Major research activity
The main research subject of our laboratory is “computational commutative algebra” and “discrete and computational geometry.” In particular, we are interested in Gröbner bases of toric ideals.
In 1965, Bruno Buchberger invented “Gröbner bases” of polynomial rings. (Wolfgang Gröbner was his adviser.) Roughly speaking, a Gröbner basis is a “good” set of polynomials. An important keyword is a division algorithm for polynomials. Gröbner bases have a lot of application in many research areas, and are implemented in various mathematical software (Mathematica, Maple, and a lot of free software). The most basic application is an elimination of variables from a system of polynomial equations. In 1990's, several breakthroughs on Gröbner bases of toric ideals were done:
- Conti-Traverso algorithm for integer programming using Gröbner bases of toric ideals;
- Correspondence between regular triangulations of integral convex polytopes and Gröbner bases of toric ideals;
- Diaconis-Sturmfels algorithm for Markov chain Monte Carlo method in the examination of a statistical model using a set of generators of toric ideals.
Major relevant publications
- S. Aoki, T. Hibi and H. Ohsugi, Markov chain Monte Carlo methods for the regular two-level fractional factorial designs and cut ideals, J. Statistical Planning and Inference 143, Issue 10 (2013) 1791-1806.
- T. Hibi, K. Nishiyama, H. Ohsugi and A. Shikama, Many toric ideals generated by quadratic binomials possess no quadratic Gröbner bases, J. Algebra 408 (2014), 138-146.

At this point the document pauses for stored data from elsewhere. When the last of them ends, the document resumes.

lemma ex_generalized_inverse_sequence:
  fixes g :: "real \<Rightarrow> real"
  assumes anti: "\<And>s t. 0 \<le> s \<Longrightarrow> s \<le> t \<Longrightarrow> g t \<le> g s"
    and gpos: "\<And>s. s \<ge> 0 \<Longrightarrow> g s > 0"
    and g0: "(g \<longlongrightarrow> 0) at_top"
    and rc: "\<And>t. t \<ge> 0 \<Longrightarrow> (g \<longlongrightarrow> g t) (at_right t)"
  obtains a where "\<And>n. a n \<ge> 1" "\<And>n. real n * g (a n) \<le> 1"
    "\<And>n s. 1 \<le> s \<Longrightarrow> s < a n \<Longrightarrow> real n * g s > 1"
proof
  define S where "S n = {s. 1 \<le> s \<and> real n * g s \<le> 1}" for n
  define a where "a n = Inf (S n)" for n
  have ne: "S n \<noteq> {}" for n
  proof -
    have "eventually (\<lambda>s. g s < 1 / (real n + 1) \<and> s \<ge> 1) at_top"
      using order_tendstoD(2)[OF g0, of "1 / (real n + 1)"] by (auto intro: eventually_conj)
    then obtain s where s: "g s < 1 / (real n + 1)" "s \<ge> 1"
      using eventually_happens by force
    then have "real n * g s \<le> 1"
      using gpos[of s] by (simp add: field_simps)
    with s show ?thesis by (auto simp: S_def)
  qed
  have bdd: "bdd_below (S n)" for n
    by (auto simp: S_def bdd_below_def)
  show a_ge: "a n \<ge> 1" for n
    unfolding a_def by (rule cInf_greatest[OF ne]) (auto simp: S_def)
  show "real n * g s > 1" if "1 \<le> s" "s < a n" for n s
    using that cInf_lower[OF _ bdd, of s n] by (force simp: S_def a_def)
  \<comment> \<open>Right-continuity of \<open>g\<close> carries the bound \<open>n g \<le> 1\<close> from \<open>S n\<close> to its infimum.\<close>
  show "real n * g (a n) \<le> 1" for n
  proof (rule tendsto_upperbound[OF _ _ trivial_limit_at_right_real])
    show "((\<lambda>y. real n * g y) \<longlongrightarrow> real n * g (a n)) (at_right (a n))"
      using rc[of "a n"] a_ge[of n] by (intro tendsto_intros) auto
    show "eventually (\<lambda>y. real n * g y \<le> 1) (at_right (a n))"
      using eventually_at_right_less[of "a n"]
    proof eventually_elim
      case (elim y)
      then obtain s where s: "s \<in> S n" "s < y"
        using cInf_less_iff[OF ne bdd] by (auto simp: a_def)
      then have "g y \<le> g s" using anti[of s y] by (auto simp: S_def)
      with s show ?case by (auto simp: S_def intro: order_trans[OF mult_left_mono])
    qed
  qed
qed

- H. Ohsugi, Normality of cut polytopes of graphs is a minor closed property, Discrete Math. 310 (2010), 1160-1166.
- H. Ohsugi and T. Hibi, Toric rings and ideals of nested configurations, Journal of Commutative Algebra 2 (2010), 187-208.
- H. Ohsugi and K. Shibata, Smooth Fano polytopes whose Ehrhart polynomial has a root with large real part, Discrete and Computational Geometry 47 (2012), 624-628.